Мама уже поднималась, вытирая руки.

– Хорошо, – отозвалась она, ее голос и манеры преобразились. – Я пока приготовлюсь, а Телли поможет тебе домыться, – сказала она в ответ на его вопрошающий взгляд.

– Не-е-ет! – запротестовал он, но мама уже стремительно шагала мимо его сестры, призывая рабов, спеша переодеться.

Весь мокрый, он неподвижно сидел, взирая на приближающуюся сестру сквозь облака пара.

– Искауль привел из Галеота Двадцать Девятую, – объяснила она, опускаясь коленями на мамину подушку.
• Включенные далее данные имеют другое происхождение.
lemma card_affine_nonzero_ge:
  fixes A :: "('a::field) set"
  assumes "finite A" and "c \<noteq> 0"
  shows "card A - 1 \<le> card {a \<in> A. b + c * a \<noteq> 0}"
proof -
  have "A - {- b / c} \<subseteq> {a \<in> A. b + c * a \<noteq> 0}"
    using assms(2) by (auto simp: field_simps add_eq_0_iff)
  then have "card (A - {- b / c}) \<le> card {a \<in> A. b + c * a \<noteq> 0}"
    using assms(1) by (intro card_mono) auto
  then show ?thesis
    using assms(1) by (simp add: card_Diff_singleton_if split: if_splits)
qed

lemma lin_weight_Suc_coeff_nonzero:
  fixes A :: "nat \<Rightarrow> ('a::{finite,field}) set"
  assumes "c k \<noteq> 0"
  shows "card (normalized_reps k A) * (card (A k) - 1) + 1 \<le> lin_weight (Suc k) A c"
proof -
  define S where "S = Sigma (normalized_reps k A) (\<lambda>x. {a \<in> A k. lin_eval k c x + c k * a \<noteq> 0})"
  have inj: "inj_on (\<lambda>(x, a). x(k := a)) S"
    by (rule inj_on_subset[OF inj_on_extend_normalized_reps[of k A "A k"]]) (auto simp: S_def)
  have "unit_vec k \<notin> (\<lambda>(x, a). x(k := a)) ` S"
    using unit_vec_notin_extend_normalized_reps[of k A "A k"] unfolding S_def by blast
  moreover have "finite S"
    unfolding S_def by auto
  ultimately have card_extend:
    "card (insert (unit_vec k) ((\<lambda>(x, a). x(k := a)) ` S)) = card S + 1"
    by (simp add: card_image[OF inj])
  have "card (normalized_reps k A) * (card (A k) - 1)
      \<le> (\<Sum>x\<in>normalized_reps k A. card {a \<in> A k. lin_eval k c x + c k * a \<noteq> 0})"
    using sum_mono[of _ "\<lambda>_. card (A k) - 1", OF card_affine_nonzero_ge[OF _ assms]] by simp
  also have "\<dots> = card S"
    unfolding S_def by (rule card_SigmaI[symmetric]) auto
  finally have "card (normalized_reps k A) * (card (A k) - 1) + 1
      \<le> card (insert (unit_vec k) ((\<lambda>(x, a). x(k := a)) ` S))"
    unfolding card_extend by simp
  also have "\<dots> \<le> lin_weight (Suc k) A c"
    unfolding lin_weight_def using assms
    by (intro card_mono) (auto simp: normalized_reps_Suc S_def lin_eval_Suc_upd lin_eval_unit_vec)
  finally show ?thesis .
qed

lemma prod_card_le_card_normalized_reps:
  fixes A :: "nat \<Rightarrow> ('a::{finite,field}) set"
  assumes "1 \<le> k" and "\<forall>j<k. card (A j) \<le> d" and "1 \<le> d"
  shows "(\<Prod>j\<in>{1..<k}. card (A j)) * d \<le> card (normalized_reps k A) * (d - 1) + 1"
  using assms
proof (induction k rule: nat_induct_at_least)
  case base
  then show ?case
    using card_normalized_reps_Suc[of 0 A] by simp
next
  case (Suc k)
  let ?P = "\<Prod>j\<in>{1..<k}. card (A j)" and ?N = "card (normalized_reps k A)" and ?e = "card (A k)"
  have IH: "?P * d \<le> ?N * (d - 1) + 1"
    using Suc by simp
  have "?P * ?e * d = ?e * (?P * d)"
    by simp
  also have "\<dots> \<le> ?e * (?N * (d - 1) + 1)"
    using IH by (rule mult_le_mono2)
  also have "\<dots> = ?e * ?N * (d - 1) + ?e"
    by (simp add: algebra_simps)
  also have "\<dots> \<le> ?e * ?N * (d - 1) + d"
    using Suc.prems by simp
  also have "\<dots> = (?N * ?e + 1) * (d - 1) + 1"
    using \<open>1 \<le> d\<close> by (cases d) (simp_all add: algebra_simps)
  finally have "?P * ?e * d \<le> (?N * ?e + 1) * (d - 1) + 1" .
  then show ?case
    using \<open>1 \<le> k\<close> by (simp add: card_normalized_reps_Suc prod.atLeastLessThan_Suc)
qed

lemma prod_card_le_lin_weight:
  fixes A :: "nat \<Rightarrow> ('a::{finite,field}) set"
  assumes "\<forall>i j. i \<le> j \<and> j < k \<longrightarrow> card (A i) \<le> card (A j)"
    and "\<forall>i<k. A i \<noteq> {}"
    and "\<exists>i<k. c i \<noteq> 0"
  shows "(\<Prod>j\<in>{1..<k}. card (A j)) \<le> lin_weight k A c"
  using assms
proof (induction k)
  case 0
  then show ?case by simp
next
  case (Suc k)
  show ?case
  proof (cases "c k = 0")
    case True
    then have "\<exists>i<k. c i \<noteq> 0"
      using Suc.prems(3) less_Suc_eq by auto
    then have "1 \<le> k" and "(\<Prod>j\<in>{1..<k}. card (A j)) \<le> lin_weight k A c"
      using Suc by auto
    then show ?thesis
      by (simp add: lin_weight_Suc_coeff_zero[of c k A, OF True] prod.atLeastLessThan_Suc)
  next
    case False
    have "1 \<le> card (A k)"
      using Suc.prems(2) by (simp add: Suc_le_eq card_gt_0_iff)
    moreover have "\<forall>j<k. card (A j) \<le> card (A k)"
      using Suc.prems(1) by simp
    ultimately have "k = 0 \<or> (\<Prod>j\<in>{1..<Suc k}. card (A j))
        \<le> card (normalized_reps k A) * (card (A k) - 1) + 1"
      using prod_card_le_card_normalized_reps[of k A "card (A k)"]
      by (auto simp: prod.atLeastLessThan_Suc mult.commute)
    then show ?thesis
      using lin_weight_Suc_coeff_nonzero[of c k A, OF False] by auto
  qed
qed

lemma unit_vec_0_mem_normalized_reps:
  assumes "0 < k" and "\<forall>j<k. 0 \<in> A j"
  shows "unit_vec 0 \<in> normalized_reps k A"
  using assms unfolding normalized_reps_def unit_vec_def by (intro CollectI exI[of _ 0]) auto

lemma lin_weight_unit_vec_0:
  fixes A :: "nat \<Rightarrow> ('a::{finite,field}) set"
  assumes "0 < k"
  shows "lin_weight k A (unit_vec 0) = (\<Prod>j\<in>{1..<k}. card (A j))"
  using assms
proof (induction k rule: nat_induct_non_zero)
  case 1
  have "{x \<in> normalized_reps 1 A. lin_eval 1 (unit_vec 0) x \<noteq> 0} = {unit_vec 0 :: nat \<Rightarrow> 'a}"
    by (auto simp: normalized_reps_Suc lin_eval_def unit_vec_def)
  then show ?case
    by (simp add: lin_weight_def)
next
  case (Suc k)
  have "unit_vec 0 k = (0::'a)"
    using \<open>0 < k\<close> by (simp add: unit_vec_def)
  then show ?case
    using Suc by (simp add: lin_weight_Suc_coeff_zero prod.atLeastLessThan_Suc mult.commute)
qed

lemma mem_proj_point: "x \<in> proj_point x"
  unfolding proj_point_def by (intro CollectI exI[of _ 1]) simp

lemma proj_point_scale:
  fixes y :: "nat \<Rightarrow> 'a::field"
  assumes "k \<noteq> 0"
  shows "proj_point (\<lambda>i. k * y i) = proj_point y"
proof -
  have "(\<exists>c. c \<noteq> 0 \<and> z = (\<lambda>i. c * (k * y i))) \<longleftrightarrow> (\<exists>c. c \<noteq> 0 \<and> z = (\<lambda>i. c * y i))" for z
  proof
    assume "\<exists>c. c \<noteq> 0 \<and> z = (\<lambda>i. c * (k * y i))"
    then show "\<exists>c. c \<noteq> 0 \<and> z = (\<lambda>i. c * y i)"
      using assms by (metis mult.assoc no_zero_divisors)
  next
    assume "\<exists>c. c \<noteq> 0 \<and> z = (\<lambda>i. c * y i)"
    then show "\<exists>c. c \<noteq> 0 \<and> z = (\<lambda>i. c * (k * y i))"
      using assms by (metis divide_eq_0_iff mult.assoc nonzero_divide_eq_eq)
  qed
  then show ?thesis
    unfolding proj_point_def by blast
qed

lemma lin_eval_scale: "lin_eval s c (\<lambda>i. k * x i) = k * lin_eval s c x"
  unfolding lin_eval_def by (simp add: sum_distrib_left algebra_simps)

lemma lin_eval_vanishes_on_proj_point:
  "(\<forall>z\<in>proj_point x. lin_eval s c z = 0) \<longleftrightarrow> lin_eval s c x = 0"
proof
  assume "\<forall>z\<in>proj_point x. lin_eval s c z = 0"
  then show "lin_eval s c x = 0"
    using mem_proj_point by blast
next
  assume "lin_eval s c x = 0"
  then show "\<forall>z\<in>proj_point x. lin_eval s c z = 0"
    unfolding proj_point_def by (auto simp: lin_eval_scale)
qed

lemma inj_on_proj_point_normalized_reps: "inj_on proj_point (normalized_reps k A)"
proof (rule inj_onI)
  fix x y assume x: "x \<in> normalized_reps k A" and y: "y \<in> normalized_reps k A"
    and "proj_point x = proj_point y"
  then obtain c where "c \<noteq> 0" and xy: "\<And>j. x j = c * y j"
    using mem_proj_point[of x] unfolding proj_point_def by auto
  obtain p where p: "\<forall>j<p. x j = 0" "x p = 1"
    using x unfolding normalized_reps_def by blast
  obtain q where q: "\<forall>j<q. y j = 0" "y q = 1"
    using y unfolding normalized_reps_def by blast
  have "\<not> p < q"
    using p(2) q(1) xy[of p] by auto
  moreover have "\<not> q < p"
    using p(1) q(2) xy[of q] \<open>c \<noteq> 0\<close> by auto
  ultimately have "p = q"
    by simp
  then have "c = 1"
    using p q xy[of p] by simp
  then show "x = y"
    using xy by auto
qed

text \<open>Dividing by the first nonzero coordinate \<open>x\<^sub>p\<close> keeps the later coordinates in the \<open>A\<^sub>j\<close>
  precisely because of the nesting condition \<open>a / b \<in> A\<^sub>j\<close> for \<open>b \<in> A\<^sub>p\<close>, \<open>p < j\<close>.\<close>
lemma proj_cart_set_eq_image_normalized_reps:
  assumes "proj_nested_cartesian s A"
  shows "proj_cart_set s A = proj_point ` normalized_reps s A"
proof -
  let ?C = "{x. (\<forall>i<s. x i \<in> A i) \<and> (\<forall>i\<ge>s. x i = 0) \<and> x \<noteq> (\<lambda>i. 0)}"
  have zero_one: "\<forall>i<s. 0 \<in> A i \<and> 1 \<in> A i"
    and nested: "\<forall>i j. i < j \<and> j < s \<longrightarrow> (\<forall>a\<in>A j. \<forall>b\<in>A i. b \<noteq> 0 \<longrightarrow> a / b \<in> A j)"
    using assms unfolding proj_nested_cartesian_def by auto
  have "normalized_reps s A \<subseteq> ?C"
  proof
    fix x assume "x \<in> normalized_reps s A"
    then obtain p where p: "p < s" "\<forall>j<p. x j = 0" "x p = 1"
      "\<forall>j. p < j \<and> j < s \<longrightarrow> x j \<in> A j" "\<forall>j\<ge>s. x j = 0"
      unfolding normalized_reps_def by blast
    then have "x i \<in> A i" if "i < s" for i
      using zero_one that by (cases "i < p"; cases "i = p") auto
    moreover have "x \<noteq> (\<lambda>i. 0)"
      using p(3) by (metis one_neq_zero)
    ultimately show "x \<in> ?C"
      using p by blast
  qed
  moreover have "proj_point x \<in> proj_point ` normalized_reps s A" if x: "x \<in> ?C" for x
  proof -
    obtain i where "x i \<noteq> 0"
      using x by (auto simp: fun_eq_iff)
    define p where "p = (LEAST i. x i \<noteq> 0)"
    have xp: "x p \<noteq> 0"
      unfolding p_def by (rule LeastI) fact
    have "x j = 0" if "s \<le> j" for j
      using x that by simp
    with xp have "p < s"
      by (metis not_le)
    define y where "y = (\<lambda>i. x i / x p)"
    have "y \<in> normalized_reps s A"
      unfolding normalized_reps_def
    proof (intro CollectI exI[of _ p] conjI allI impI)
      show "y j = 0" if "j < p" for j
        using not_less_Least[of j "\<lambda>i. x i \<noteq> 0"] that by (simp add: y_def p_def)
      show "y j \<in> A j" if "p < j \<and> j < s" for j
        using nested that x \<open>p < s\<close> xp unfolding y_def by auto
    qed (use \<open>p < s\<close> xp x in \<open>auto simp: y_def\<close>)
    moreover have "proj_point x = proj_point y"
      using proj_point_scale[OF xp, of y] xp by (simp add: y_def)
    ultimately show ?thesis by blast
  qed
  ultimately show ?thesis
    unfolding proj_cart_set_def by blast
qed

lemma card_diff_zero_set_lin_eq_lin_weight:
  fixes A :: "nat \<Rightarrow> ('a::{finite,field}) set"
  assumes "proj_nested_cartesian s A"
  shows "card (proj_cart_set s A) - card (zero_set_lin s (proj_cart_set s A) c) = lin_weight s A c"
proof -
  let ?X = "proj_cart_set s A"
  have X: "?X = proj_point ` normalized_reps s A"
    using proj_cart_set_eq_image_normalized_reps[OF assms] .
  have "?X - zero_set_lin s ?X c
      = proj_point ` {x \<in> normalized_reps s A. \<not> (\<forall>z\<in>proj_point x. lin_eval s c z = 0)}"
    unfolding zero_set_lin_def X by blast
  also have "\<dots> = proj_point ` {x \<in> normalized_reps s A. lin_eval s c x \<noteq> 0}"
    by (simp only: lin_eval_vanishes_on_proj_point)
  finally have "?X - zero_set_lin s ?X c = proj_point ` {x \<in> normalized_reps s A. lin_eval s c x \<noteq> 0}" .
  moreover have "card (proj_point ` {x \<in> normalized_reps s A. lin_eval s c x \<noteq> 0}) = lin_weight s A c"
    unfolding lin_weight_def
    by (rule card_image) (rule inj_on_subset[OF inj_on_proj_point_normalized_reps], auto)
  moreover have "zero_set_lin s ?X c \<subseteq> ?X" and "finite ?X"
    unfolding zero_set_lin_def X by auto
  ultimately show ?thesis
    by (metis card_Diff_subset finite_subset)
qed

lemma coeff_nonzero_if_not_in_vanishing_ideal_lin:
  assumes "\<not> in_vanishing_ideal_lin s X c"
  shows "\<exists>i<s. c i \<noteq> 0"
proof (rule ccontr)
  assume "\<not> (\<exists>i<s. c i \<noteq> 0)"
  then have "lin_eval s c x = 0" for x
    unfolding lin_eval_def by simp
  then show False
    using assms unfolding in_vanishing_ideal_lin_def by blast
qed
Ей пришлось смять обширный кринолин своего платья о поблескивающий край ванны, и хотя на то, чтобы сшить его, ей явно потребовалось немало усилий, казалось, что ее это ничуть не обеспокоило.

Он мог лишь молча смотреть на нее.

– Не здесь, – предупреждающе молвил его тайный голос. – Где угодно, только не здесь.

– Но однажды она должна сдохнуть!

– Судя по всему, ты раздумываешь, как бы ловчее прикончить меня, – молвила его бледная сестра, тщательно осматривая баночки с мылом и ароматическими маслами, расставленные на полу рядом с ванной, – едва ли ты думаешь сейчас о чем-то еще.

– С чего ты взя?.. – запротестовал было он, но поперхнулся водой, безжалостно вылитой ему на голову.

– Мне нет-нет дела, – продолжала она, опрокидывая ему на темя плошку мыла с ароматом апельсина, – до того, о чем ты думаешь или чем занимаешься.

Она начала намыливать ему голову. Ее пальцы не были ни жестокими, ни ласковыми – они просто делали свое дело.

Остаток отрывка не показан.